Item-threshold probability curves were first examined to determine if disordering was present [32]. For items that exhibited disordered thresholds, ordering of items was achieved by collapsing adjacent item response levels. If there was more than one possible combination to merge levels, the combination that demonstrated the best overall fit while also achieving a more balanced distribution across levels was selected. Disordered items were evaluated for exclusion as they failed to respond to the full range of severity across the dimension.

Differential item functioning (DIF)

Once all items were ordered, DIF by sex and child special healthcare needs status was examined since the PedsUtil HSCS needs to apply across diverse pediatric populations. Both uniform and nonuniform DIF were tested for using analysis of variance [33]. Items exhibiting DIF were separated into different person factors and the Rasch model was refit. If splitting the item did not improve model fit, the item was considered for removal from the Rasch model. Items exhibiting DIF were assessed for exclusion as they threaten construct validity and are of limited value for making cross-population comparisons.

Rasch model goodness-of-fit

After issues of disordered thresholds and DIF were resolved, overall model fit was assessed by examining the item-trait interaction statistic, reported as a \({\chi }^{2}\) statistic. If overall model fit was poor (i.e., p-value < 0.01 with a Bonferroni correction), the fit of the individual items was examined. Items with fit residuals greater than the standard cutoff \(\pm\) 2.5 and with statistically significant individual \({\chi }^{2}\) statistics were dropped from the model sequentially, beginning with the worst fitting item [32]. This procedure was repeated until only well-fitting items remained and the overall item-trait interaction statistic was nonsignificant. Items that were dropped from the Rasch model poorly represent the underlying dimension being measured, thus were considered for exclusion.

Robustness check

In order to enhance robustness, Rasch analysis was conducted on five subsamples of the LSAC dataset for each age group for a total of 15 subsamples. Stratified random sampling was used to obtain subsamples of approximately 500 responses, which is the recommended sample size for Rasch analysis [34]. Sampling was stratified on child sex, age, and special healthcare needs status (Appendix Table 2). Each item per age group was given a total score (out of five) indicating the number of subsamples that the item performed well on all Rasch criteria. In general, any item that performed poorly across all five subsamples in any age group (i.e., score of 0/5) or was the worst fitting item in any age group (i.e., lowest total score) was excluded from the PedsUtil HSCS.
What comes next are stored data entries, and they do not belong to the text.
lemma inj_on_digit_encoding:
  fixes M :: "(nat \<Rightarrow>\<^sub>0 nat) set"
  assumes "\<And>m. m \<in> M \<Longrightarrow> Poly_Mapping.keys m \<subseteq> {..<n}" "\<And>m i. m \<in> M \<Longrightarrow> Poly_Mapping.lookup m i < D"
  shows "inj_on (\<lambda>m. \<Sum>i<n. Poly_Mapping.lookup m i * D ^ i) M"
proof (rule inj_onI)
  fix x y assume xy: "x \<in> M" "y \<in> M"
    "(\<Sum>i<n. Poly_Mapping.lookup x i * D ^ i) = (\<Sum>i<n. Poly_Mapping.lookup y i * D ^ i)"
  have "\<forall>i<n. Poly_Mapping.lookup x i < D" "\<forall>i<n. Poly_Mapping.lookup y i < D"
    using assms(2) xy(1,2) by blast+
  then have low: "\<forall>i<n. Poly_Mapping.lookup x i = Poly_Mapping.lookup y i"
    using xy(3) by (rule sum_digits_inj)
  show "x = y"
  proof (rule poly_mapping_eqI)
    fix i
    show "Poly_Mapping.lookup x i = Poly_Mapping.lookup y i"
    proof (cases "i < n")
      case False
      then have "i \<notin> Poly_Mapping.keys x" "i \<notin> Poly_Mapping.keys y"
        using assms(1)[OF xy(1)] assms(1)[OF xy(2)] by auto
      then show ?thesis
        by (simp add: in_keys_iff)
    qed (use low in blast)
  qed
qed

text \<open>Substituting \<open>x\<^sub>i \<mapsto> t ^ D ^ i\<close> sends distinct monomials with exponents below \<open>D\<close> to
  distinct powers of \<open>t\<close>, so no cancellation can occur.\<close>

lemma kronecker_substitution:
  fixes f :: "'k::field mpoly"
  assumes f: "f \<in> polyring n" "f \<noteq> 0"
    and D: "\<And>m i. m \<in> Poly_Mapping.keys f \<Longrightarrow> Poly_Mapping.lookup m i < D"
  obtains Q where "Q \<noteq> 0" "\<And>t. meval f (\<lambda>i. t ^ (D ^ i)) = poly Q t"
proof -
  define e where "e m = (\<Sum>i<n. Poly_Mapping.lookup m i * D ^ i)" for m
  define Q where "Q = (\<Sum>m\<in>Poly_Mapping.keys f. monom (Poly_Mapping.lookup f m) (e m))"
  have keys_m: "Poly_Mapping.keys m \<subseteq> {..<n}" if "m \<in> Poly_Mapping.keys f" for m
    using that f(1) unfolding polyring_def by auto
  have inj: "inj_on e (Poly_Mapping.keys f)"
    unfolding e_def using keys_m D by (rule inj_on_digit_encoding)
  obtain m0 where m0: "m0 \<in> Poly_Mapping.keys f"
    using f(2) by fastforce
  have "coeff Q (e m0) = (\<Sum>m\<in>Poly_Mapping.keys f. if e m = e m0 then Poly_Mapping.lookup f m else 0)"
    unfolding Q_def coeff_sum by simp
  also have "\<dots> = (\<Sum>m\<in>Poly_Mapping.keys f. if m = m0 then Poly_Mapping.lookup f m else 0)"
    using inj_onD[OF inj _ _ m0] by (intro sum.cong refl) auto
  finally have "Q \<noteq> 0"
    using m0 by (auto simp: in_keys_iff)
  moreover have "meval f (\<lambda>i. t ^ (D ^ i)) = poly Q t" for t
  proof -
    have "mon_eval (\<lambda>i. t ^ (D ^ i)) m = t ^ e m" if "m \<in> Poly_Mapping.keys f" for m
      unfolding mon_eval_eq_prod[OF finite_lessThan keys_m[OF that]] e_def power_sum
      by (intro prod.cong refl) (simp add: power_mult[symmetric] mult.commute)
    then show ?thesis
      unfolding meval_eq_sum_mon_eval Q_def poly_sum poly_monom by simp
  qed
  ultimately show ?thesis
    using that by blast
qed

lemma meval_nonzero_common:
  fixes f g :: "'k::field_char_0 mpoly"
  assumes "f \<in> polyring n" "f \<noteq> 0" "g \<in> polyring n" "g \<noteq> 0"
  shows "\<exists>c. meval f c \<noteq> 0 \<and> meval g c \<noteq> 0 \<and> (\<forall>i. c i \<noteq> 0)"
proof -
  define D where "D = Suc (\<Sum>m\<in>Poly_Mapping.keys f \<union> Poly_Mapping.keys g. mdeg m)"
  have D: "Poly_Mapping.lookup m i < D" if "m \<in> Poly_Mapping.keys f \<union> Poly_Mapping.keys g" for m i
  proof -
    have "Poly_Mapping.lookup m i \<le> (\<Sum>m\<in>Poly_Mapping.keys f \<union> Poly_Mapping.keys g. mdeg m)"
      using lookup_le_mdeg[of m i] member_le_sum[OF that, of mdeg] by simp
    then show ?thesis
      unfolding D_def by simp
  qed
  obtain Qf where Qf: "Qf \<noteq> 0" "\<And>t. meval f (\<lambda>i. t ^ (D ^ i)) = poly Qf t"
    using kronecker_substitution[OF assms(1,2), of D] D by blast
  obtain Qg where Qg: "Qg \<noteq> 0" "\<And>t. meval g (\<lambda>i. t ^ (D ^ i)) = poly Qg t"
    using kronecker_substitution[OF assms(3,4), of D] D by blast
  have "Qf * Qg * [:0, 1:] \<noteq> 0"
    using Qf Qg by simp
  then have "finite {t. poly (Qf * Qg * [:0, 1:]) t = 0}"
    by (rule poly_roots_finite)
  then obtain t :: 'k where "poly (Qf * Qg * [:0, 1:]) t \<noteq> 0"
    using infinite_UNIV_char_0 by (metis (mono_tags, lifting) UNIV_eq_I mem_Collect_eq)
  then show ?thesis
    using Qf Qg by (intro exI[of _ "\<lambda>i. t ^ (D ^ i)"]) auto
qed

section \<open>Generic linear forms\<close>

lemma var_mem_polyring: "i < n \<Longrightarrow> var i \<in> polyring n"
  using var_mem_hompart hompart_subset_polyring by blast

lemma polyring_det:
  assumes "A \<in> carrier_mat N N" "\<And>i j. i < N \<Longrightarrow> j < N \<Longrightarrow> A $$ (i, j) \<in> polyring n"
  shows "det (A :: 'k::field mpoly mat) \<in> polyring n"
proof -
  have "signof p \<in> polyring n" for p :: "nat \<Rightarrow> nat"
    using polyring_uminus[OF polyring_one] by (auto simp: sign_def)
  then show ?thesis
    unfolding det_def'[OF assms(1)] using assms(2)
    by (intro polyring_sum polyring_mult polyring_prod) (auto simp: permutes_in_image)
qed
Data analysis – Step 2: item selection

Following Step 1, a single best item was selected for each dimension among the remaining items. A range of criteria (described below) was considered for item selection.

Rasch analysis

Individual item goodness-of-fit statistics were assessed, and the item with the better fit to the Rasch model was generally considered to be the better item to represent the dimension. The spread of item thresholds was also examined. An item that covers a wider severity range was considered to better represent the dimension than an item that covers a narrow range.
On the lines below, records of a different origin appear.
(* Let $r\geq 1$, $n\geq r+1$ and $k\geq 0$ be integers. Then $$r\,Q_{n-r,k}(r,t)=\sum_{F\in\mathcal F_{n,k}^r}t^{\mathrm{eld}(F)}.$$
   Context: Define polynomials $Q_m(x,y,z,t)$ by $Q_1=1$ and $Q_{m+1}=[x+mz+(y+t)(m+y\partial_y)]Q_m$ for $m\ge1$, and define $Q_{m,k}(x,t)$ by $Q_m(x,y,1,t)=\sum_{k\ge 0}Q_{m,k}(x,t)y^k$ (so $Q_{m,k}=0$ for $k\geq m$). All trees are rooted trees whose vertices are labeled by distinct positive integers. A vertex $j$ is a descendant of $i$ if the path from the root to $j$ passes through $i$ (every vertex is a descendant of itself); $\beta_T(i)$ is the smallest descendant of $i$. A child of $i$ is a descendant joined to $i$ by an edge $(i,j)$; children of the same vertex are brothers. A plane tree is a rooted tree in which the children of each vertex are linearly ordered (left to right). In a plane tree $T$, a vertex $j$ is elder if it has a brother $k$ to its right with $\beta_T(k)<\beta_T(j)$. An edge $(i,j)$ is proper if $j$ is an elder child of $i$ or $i<\beta_T(j)$; otherwise it is improper. $\mathcal F_{n,k}^r$ is the set of forests consisting of $r$ plane trees whose vertex sets partition $[n]=\{1,\dots,n\}$, whose roots are $1,\dots,r$, and which have exactly $k$ improper edges in total; $\mathrm{eld}(F)$ is the total number of elder vertices in $F$. *)

theory Defs
  imports Main "HOL-Computational_Algebra.Polynomial"
begin

text \<open>Q_m(x,y,z,t) is represented, for fixed real x, z, t, as a univariate
polynomial in y.  The operator x + m z + (y+t)(m + y d/dy) is applied literally.\<close>

fun Qp :: "nat \<Rightarrow> real \<Rightarrow> real \<Rightarrow> real \<Rightarrow> real poly" where
  "Qp 0 x z t = 0"
| "Qp (Suc 0) x z t = 1"
| "Qp (Suc (Suc m)) x z t =
     (let p = Qp (Suc m) x z t; mm = real (Suc m) in
        smult (x + mm * z) p + [:t, 1:] * (smult mm p + [:0, 1:] * pderiv p))"

definition Qmk :: "nat \<Rightarrow> nat \<Rightarrow> real \<Rightarrow> real \<Rightarrow> real" where
  "Qmk m k x t = coeff (Qp m x 1 t) k"

datatype ptree = Node nat "ptree list"

fun root :: "ptree \<Rightarrow> nat" where
  "root (Node v cs) = v"

fun labels :: "ptree \<Rightarrow> nat list" where
  "labels (Node v cs) = v # concat (map labels cs)"

definition beta :: "ptree \<Rightarrow> nat" where
  "beta t = Min (set (labels t))"

definition elder_at :: "ptree list \<Rightarrow> nat \<Rightarrow> bool" where
  "elder_at cs i \<longleftrightarrow> (\<exists>j. i < j \<and> j < length cs \<and> beta (cs ! j) < beta (cs ! i))"

definition improper_at :: "nat \<Rightarrow> ptree list \<Rightarrow> nat \<Rightarrow> bool" where
  "improper_at v cs i \<longleftrightarrow> \<not> (elder_at cs i \<or> v < beta (cs ! i))"

fun eld_tree :: "ptree \<Rightarrow> nat" where
  "eld_tree (Node v cs) =
     card {i. i < length cs \<and> elder_at cs i} + sum_list (map eld_tree cs)"

fun imp_tree :: "ptree \<Rightarrow> nat" where
  "imp_tree (Node v cs) =
     card {i. i < length cs \<and> improper_at v cs i} + sum_list (map imp_tree cs)"

text \<open>A forest of r plane trees with roots 1..r is represented as the list of its
trees, the i-th entry (0-based) being the tree rooted at i+1.\<close>
definition eld :: "ptree list \<Rightarrow> nat" where
  "eld F = sum_list (map eld_tree F)"

definition improper_count :: "ptree list \<Rightarrow> nat" where
  "improper_count F = sum_list (map imp_tree F)"

definition forests :: "nat \<Rightarrow> nat \<Rightarrow> nat \<Rightarrow> ptree list set" where
  "forests n k r = {F. length F = r \<and> (\<forall>i<r. root (F ! i) = i + 1)
      \<and> distinct (concat (map labels F)) \<and> set (concat (map labels F)) = {1..n}
      \<and> improper_count F = k}"

end

theory Submission
  imports Defs "HOL-Library.Multiset"
begin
Other psychometric criteria

Internal consistency (i.e., correlation of an item score and its dimension score) and floor and ceiling effects were examined. Items with low correlation were considered to not be representative of the dimension and items exhibiting large floor or ceiling effects were regarded to be poor candidates as they may poorly respond to the full severity range of the dimension. These criteria were evaluated in relative terms between items as done in previous studies [18, 19, 21] rather than applying strict thresholds.

Expert and parent opinion

Expert and parent opinion were collected to supplement Rasch and psychometric analyses as statistical analyses alone may not be able to identify the single best item for each dimension. Moreover, stakeholder engagement was used to assess content and face validity of the PedsUtil HSCS. Previous studies have similarly engaged with various stakeholders to aid in item selection [20, 35].

A US-based convenience sample of five pediatricians and one clinical trialist were recruited to provide input on item selection for all age groups, and 12 parents were recruited to provide input on item selection for each age group of their children. The clinicians included general pediatricians and specialists. The parents included parents of children with special healthcare needs (e.g., diabetes, asthma, musculoskeletal conditions, depression, anxiety, and ADHD) and of typically functioning children from ages 2–17 years (Appendix Table 3). Participants were asked to select which item best represents each dimension of the PedsUtil HSCS and to provide justifications for their choices. Refer to Appendix B for more details.

Final item selection

The research team evaluated results from all criteria to make the final decisions for item selection. The final PedsUtil HSCS was reviewed with an external health status measurement expert to ensure that the items selected were cohesive and amenable to preference valuation methods required to construct the PedsUtil scoring system.

Results

Step 1 – Item Exclusion

Table 1 displays the total scores indicating how many subsamples each item performed well on all Rasch criteria (i.e., item ordering, DIF, and item fit). Appendix Tables 4A-4F provide more detailed results.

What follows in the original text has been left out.